lemma bij_betw_compose_permutes_disjoint:
  assumes disj: "A \<inter> B = {}"
  shows "bij_betw (\<lambda>(p, q). p \<circ> q) ({p. p permutes A} \<times> {q. q permutes B})
           {\<beta>. \<beta> permutes A \<union> B \<and> \<beta> ` A \<subseteq> A \<and> \<beta> ` B \<subseteq> B}"
proof (rule bij_betw_byWitness[where f' = "\<lambda>\<beta>. (restrict_id \<beta> A, restrict_id \<beta> B)"])
  have compose_on_A: "(p \<circ> q) x = p x" if "q permutes B" and "x \<in> A" for p q x
  proof -
    have "x \<notin> B" using \<open>x \<in> A\<close> disj by blast
    then show ?thesis using permutes_not_in[OF \<open>q permutes B\<close>] by simp
  qed
  have compose_on_B: "(p \<circ> q) y = q y" if "p permutes A" "q permutes B" and "y \<in> B" for p q y
  proof -
    have "q y \<in> B" using \<open>y \<in> B\<close> \<open>q permutes B\<close> by (simp add: permutes_in_image)
    then have "q y \<notin> A" using disj by blast
    then show ?thesis using permutes_not_in[OF \<open>p permutes A\<close>] by simp
  qed
  show "\<forall>pq \<in> {p. p permutes A} \<times> {q. q permutes B}.
      (\<lambda>\<beta>. (restrict_id \<beta> A, restrict_id \<beta> B)) ((\<lambda>(p, q). p \<circ> q) pq) = pq"
  proof (clarify, intro conjI ext)
    fix p q x assume p: "p permutes A" and q: "q permutes B"
    show "restrict_id (p \<circ> q) A x = p x"
      using compose_on_A[OF q] permutes_not_in[OF p] by (cases "x \<in> A") auto
    show "restrict_id (p \<circ> q) B x = q x"
      using compose_on_B[OF p q] permutes_not_in[OF q] by (cases "x \<in> B") auto
  qed
  show "(\<lambda>(p, q). p \<circ> q) ` ({p. p permutes A} \<times> {q. q permutes B})
      \<subseteq> {\<beta>. \<beta> permutes A \<union> B \<and> \<beta> ` A \<subseteq> A \<and> \<beta> ` B \<subseteq> B}"
  proof clarify
    fix p q assume p: "p permutes A" and q: "q permutes B"
    have "p \<circ> q permutes A \<union> B"
      by (intro permutes_compose permutes_subset[OF p] permutes_subset[OF q]) auto
    moreover have "(p \<circ> q) ` A \<subseteq> A"
      using compose_on_A[OF q, of _ p] permutes_in_image[OF p] by (auto simp del: o_apply)
    moreover have "(p \<circ> q) ` B \<subseteq> B"
      using compose_on_B[OF p q] permutes_in_image[OF q] by (auto simp del: o_apply)
    ultimately show "p \<circ> q permutes A \<union> B \<and> (p \<circ> q) ` A \<subseteq> A \<and> (p \<circ> q) ` B \<subseteq> B"
      by blast
  qed
  have restrict_ok: "restrict_id \<beta> A permutes A \<and> restrict_id \<beta> B permutes B \<and>
      restrict_id \<beta> A \<circ> restrict_id \<beta> B = \<beta>"
    if "\<beta> \<in> {\<beta>. \<beta> permutes A \<union> B \<and> \<beta> ` A \<subseteq> A \<and> \<beta> ` B \<subseteq> B}" for \<beta>
  proof -
    from that have \<beta>: "\<beta> permutes A \<union> B" "\<beta> ` A \<subseteq> A" "\<beta> ` B \<subseteq> B" by auto
    have "restrict_id \<beta> A \<circ> restrict_id \<beta> B = \<beta>"
    proof
      fix x show "(restrict_id \<beta> A \<circ> restrict_id \<beta> B) x = \<beta> x"
      proof (cases "x \<in> B")
        case True
        then have "\<beta> x \<notin> A" using \<beta>(3) disj by blast
        then show ?thesis using True by simp
      next
        case False
        then show ?thesis using permutes_not_in[OF \<beta>(1)] by (cases "x \<in> A") auto
      qed
    qed
    moreover have "restrict_id \<beta> A permutes A"
      using \<beta> disj by (rule permutes_restrict_id_stable)
    moreover have "restrict_id \<beta> B permutes B"
      using \<beta> disj by (intro permutes_restrict_id_stable[of \<beta> B A]) (auto simp: Un_commute)
    ultimately show ?thesis by blast
  qed
  then show "\<forall>\<beta> \<in> {\<beta>. \<beta> permutes A \<union> B \<and> \<beta> ` A \<subseteq> A \<and> \<beta> ` B \<subseteq> B}.
      (\<lambda>(p, q). p \<circ> q) (restrict_id \<beta> A, restrict_id \<beta> B) = \<beta>"
    and "(\<lambda>\<beta>. (restrict_id \<beta> A, restrict_id \<beta> B)) ` {\<beta>. \<beta> permutes A \<union> B \<and> \<beta> ` A \<subseteq> A \<and> \<beta> ` B \<subseteq> B}
      \<subseteq> {p. p permutes A} \<times> {q. q permutes B}"
    by auto
qed

lemma bij_betw_map_permutation:
  assumes f: "bij_betw f A B"
  shows "bij_betw (map_permutation A f) {p. p permutes A} {q. q permutes B}"
proof (rule bij_betw_byWitness[where f' = "map_permutation B (inv_into A f)"])
  have inv: "bij_betw (inv_into A f) B A"
    using f by (rule bij_betw_inv_into)
  show "\<forall>p\<in>{p. p permutes A}. map_permutation B (inv_into A f) (map_permutation A f p) = p"
    using map_permutation_compose_inv[OF f] bij_betw_inv_into_left[OF f] by simp
  show "\<forall>q\<in>{q. q permutes B}. map_permutation A f (map_permutation B (inv_into A f) q) = q"
    using map_permutation_compose_inv[OF inv] bij_betw_inv_into_right[OF f] by simp
  show "map_permutation A f ` {p. p permutes A} \<subseteq> {q. q permutes B}"
    using map_permutation_permutes[OF f] by auto
  show "map_permutation B (inv_into A f) ` {q. q permutes B} \<subseteq> {p. p permutes A}"
    using map_permutation_permutes[OF inv] by auto
qed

▶ **Task instructions**
Wherever "assumes" appears in a line of the entries, copy that line.

▶ **Result**
  assumes disj: "A \<inter> B = {}"
  assumes f: "bij_betw f A B"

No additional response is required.